# Exercise prompt:
Collect every line in the records below that contains the word "Longrightarrow".

Items from a dataset:
- Opening Delimiter -

(* Let $T(x_1,x_2,x_3)$ be a real multivariate polynomial, and suppose $p\mapsto T(p,\sqrt{p},\sqrt{1-p})$ is not the zero function on $[0,1]$. If $T(z,\sqrt{z},\sqrt{1-z})=0$ for some $z\in[0,1]$, then there exist $\delta>0$, a positive integer $k$, and a function $m(p)$ continuous on $[z-\delta,z+\delta]\cap[0,1]$ with $m(z)\neq0$, such that $T(p,\sqrt{p},\sqrt{1-p})=(p-z)^{k/2}m(p)$ for $p\in[z-\delta,z+\delta]\cap[0,1]$. *)

theory Defs
  imports "HOL-Analysis.Analysis"
begin

text \<open>A real polynomial in three variables, given by its coefficient function on
  exponent triples (assumed to have finite support), evaluated at a point.\<close>
definition eval_poly3 :: "(nat \<times> nat \<times> nat \<Rightarrow> real) \<Rightarrow> real \<Rightarrow> real \<Rightarrow> real \<Rightarrow> real" where
  "eval_poly3 c x1 x2 x3 =
     (\<Sum>e\<in>{e. c e \<noteq> 0}. c e * x1 ^ fst e * x2 ^ fst (snd e) * x3 ^ snd (snd e))"

text \<open>The real "half power" x^(k/2): for even k the ordinary power x^(k div 2);
  for odd k (only meaningful on one side of the base point) |x| powr (k/2).\<close>
definition half_pow :: "real \<Rightarrow> nat \<Rightarrow> real" where
  "half_pow x k = (if even k then x ^ (k div 2) else \<bar>x\<bar> powr (real k / 2))"

end

(*
  Substituting p = sin^2 t with t = arcsin (sqrt p) in [0, pi/2] turns T(p, sqrt p, sqrt (1 - p))
  into T(sin^2 t, sin t, cos t), the restriction to the real line of an entire function.
  It is not identically zero, so near t_z = arcsin (sqrt z) it factors as (t - t_z)^n g(t) with
  g(t_z) /= 0. It remains to compare t - t_z with p - z: since
  sin (t - t_z) sin (t + t_z) = sin^2 t - sin^2 t_z = p - z, the difference t - t_z is a
  continuous nonvanishing multiple of p - z when 0 < z < 1, of sqrt p when z = 0 and of
  sqrt (1 - p) when z = 1, giving k = 2n, n and n respectively.
*)
theory Submission
  imports Defs "HOL-Complex_Analysis.Conformal_Mappings"
begin

definition sinc :: "real \<Rightarrow> real" where
  "sinc x = (if x = 0 then 1 else sin x / x)"

lemma isCont_sinc: "isCont sinc x"
proof cases
  assume "x = 0"
  then show ?thesis
    using LIM_equal [where g = "\<lambda>x. sin x / x" and a = 0 and f = sinc and l = 1] DERIV_sin [of 0]
    by (auto simp: isCont_def sinc_def has_field_derivative_def field_has_derivative_at)
next
  assume "x \<noteq> 0"
  show ?thesis
    by (rule continuous_transform_within [where \<delta> = "\<bar>x\<bar>" and f = "\<lambda>x. sin x / x"])
       (auto simp: dist_real_def \<open>x \<noteq> 0\<close> sinc_def)
qed

lemma continuous_on_sinc [continuous_intros]:
  "continuous_on S f \<Longrightarrow> continuous_on S (\<lambda>x. sinc (f x))"
  using continuous_on_compose2 [OF continuous_at_imp_continuous_on [of UNIV sinc]]
  by (auto simp: isCont_sinc)

lemma sin_eq_mult_sinc: "sin x = x * sinc x"
  by (simp add: sinc_def)

lemma sinc_nonzero: "\<bar>x\<bar> < pi \<Longrightarrow> sinc x \<noteq> 0"
  by (auto simp: sinc_def sin_zero_pi_iff)

lemma sin_diff_mult_sin_add:
  fixes x y :: real
  shows "sin (x - y) * sin (x + y) = sin x ^ 2 - sin y ^ 2"
proof -
  have "sin (x - y) * sin (x + y) = (sin x * cos y) ^ 2 - (cos x * sin y) ^ 2"
    by (simp add: sin_diff sin_add power2_eq_square algebra_simps)
  also have "\<dots> = sin x ^ 2 - sin y ^ 2"
    by (simp add: power_mult_distrib cos_squared_eq algebra_simps)
  finally show ?thesis .
qed

lemma half_pow_nonneg:
  assumes "x \<ge> 0"
  shows "half_pow x k = sqrt x ^ k"
proof (cases "even k")
  case True
  then obtain j where "k = 2 * j" by blast
  then show ?thesis using assms by (simp add: half_pow_def power_mult)
next
  case False
  have "x powr (real k / 2) = (x powr (1 / 2)) powr real k"
    by (simp add: powr_powr)
  also have "\<dots> = sqrt x ^ k"
    using assms False by (cases "x = 0") (auto simp: powr_half_sqrt powr_realpow elim: oddE)
  finally have "x powr (real k / 2) = sqrt x ^ k" .
  then show ?thesis using assms False by (simp add: half_pow_def)
qed

lemma half_pow_nonpos:
  assumes "x \<le> 0"
  shows "half_pow x k = (if even k then (-1) ^ (k div 2) else 1) * sqrt (-x) ^ k"
proof (cases "even k")
  case True
  then obtain j where "k = 2 * j" by blast
  then show ?thesis using assms by (simp add: half_pow_def power_mult power_minus')
next
  case False
  then have "half_pow x k = half_pow (-x) k" by (simp add: half_pow_def)
  then show ?thesis using assms False by (simp add: half_pow_nonneg)
qed

lemma half_pow_double: "half_pow x (2 * k) = x ^ k"
  by (simp add: half_pow_def)

lemma
  assumes "p \<in> {0..1}"
  shows sin_arcsin_sqrt: "sin (arcsin (sqrt p)) = sqrt p"
    and cos_arcsin_sqrt: "cos (arcsin (sqrt p)) = sqrt (1 - p)"
    and arcsin_sqrt_nonneg: "0 \<le> arcsin (sqrt p)"
    and arcsin_sqrt_le_pi_half: "arcsin (sqrt p) \<le> pi / 2"
proof -
  have p: "-1 \<le> sqrt p" "0 \<le> sqrt p" "sqrt p \<le> 1"
    using assms by (auto intro: order_trans [of "-1" 0])
  show "sin (arcsin (sqrt p)) = sqrt p" using sin_arcsin p by blast
  show "cos (arcsin (sqrt p)) = sqrt (1 - p)" using cos_arcsin [OF p(1) p(3)] assms by simp
  show "0 \<le> arcsin (sqrt p)" using arcsin_le_arcsin [of 0 "sqrt p"] p by simp
  show "arcsin (sqrt p) \<le> pi / 2" using arcsin_ubound [of "sqrt p"] p by simp
qed

lemma continuous_on_arcsin_sqrt: "continuous_on {0..1} (\<lambda>p. arcsin (sqrt p))"
  by (intro continuous_intros) (auto intro: order_trans [of "-1" 0])

lemma abs_arcsin_sqrt_diff_less_pi:
  "p \<in> {0..1} \<Longrightarrow> q \<in> {0..1} \<Longrightarrow> \<bar>arcsin (sqrt p) - arcsin (sqrt q)\<bar> < pi"
  using arcsin_sqrt_nonneg [of p] arcsin_sqrt_nonneg [of q]
    arcsin_sqrt_le_pi_half [of p] arcsin_sqrt_le_pi_half [of q] pi_gt_zero
  by linarith

lemma arcsin_sqrt_factor_at_0:
  obtains v where "continuous_on {0..1} v"
    "\<And>p. p \<in> {0..1} \<Longrightarrow> v p \<noteq> 0 \<and> arcsin (sqrt p) = sqrt p * v p"
proof
  let ?\<theta> = "\<lambda>p. arcsin (sqrt p)"
  have nz: "sinc (?\<theta> p) \<noteq> 0" if "p \<in> {0..1}" for p
    using abs_arcsin_sqrt_diff_less_pi [OF that, of 0] by (intro sinc_nonzero) simp
  show "continuous_on {0..1} (\<lambda>p. 1 / sinc (?\<theta> p))"
    using nz by (intro continuous_intros continuous_on_arcsin_sqrt) auto
  show "1 / sinc (?\<theta> p) \<noteq> 0 \<and> ?\<theta> p = sqrt p * (1 / sinc (?\<theta> p))" if "p \<in> {0..1}" for p
    using nz [OF that] sin_eq_mult_sinc [of "?\<theta> p"] sin_arcsin_sqrt [OF that]
    by (simp add: field_simps)
qed

lemma arcsin_sqrt_factor_at_1:
  obtains v where "continuous_on {0..1} v"
    "\<And>p. p \<in> {0..1} \<Longrightarrow> v p \<noteq> 0 \<and> arcsin (sqrt p) - pi / 2 = sqrt (1 - p) * v p"
proof
  let ?\<theta> = "\<lambda>p. arcsin (sqrt p) - pi / 2"
  have nz: "sinc (?\<theta> p) \<noteq> 0" if "p \<in> {0..1}" for p
    using abs_arcsin_sqrt_diff_less_pi [OF that, of 1] by (intro sinc_nonzero) simp
  show "continuous_on {0..1} (\<lambda>p. - 1 / sinc (?\<theta> p))"
    using nz by (intro continuous_intros continuous_on_arcsin_sqrt) auto
  show "- 1 / sinc (?\<theta> p) \<noteq> 0 \<and> ?\<theta> p = sqrt (1 - p) * (- 1 / sinc (?\<theta> p))"
    if "p \<in> {0..1}" for p
  proof -
    have "sin (?\<theta> p) = - sqrt (1 - p)"
      using cos_arcsin_sqrt [OF that] by (simp add: sin_diff)
    then show ?thesis
      using nz [OF that] sin_eq_mult_sinc [of "?\<theta> p"] by (simp add: field_simps)
  qed
qed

- Closing Delimiter -

# Answer box:
  "continuous_on S f \<Longrightarrow> continuous_on S (\<lambda>x. sinc (f x))"
lemma sinc_nonzero: "\<bar>x\<bar> < pi \<Longrightarrow> sinc x \<noteq> 0"
  "p \<in> {0..1} \<Longrightarrow> q \<in> {0..1} \<Longrightarrow> \<bar>arcsin (sqrt p) - arcsin (sqrt q)\<bar> < pi"
    "\<And>p. p \<in> {0..1} \<Longrightarrow> v p \<noteq> 0 \<and> arcsin (sqrt p) = sqrt p * v p"
    "\<And>p. p \<in> {0..1} \<Longrightarrow> v p \<noteq> 0 \<and> arcsin (sqrt p) - pi / 2 = sqrt (1 - p) * v p"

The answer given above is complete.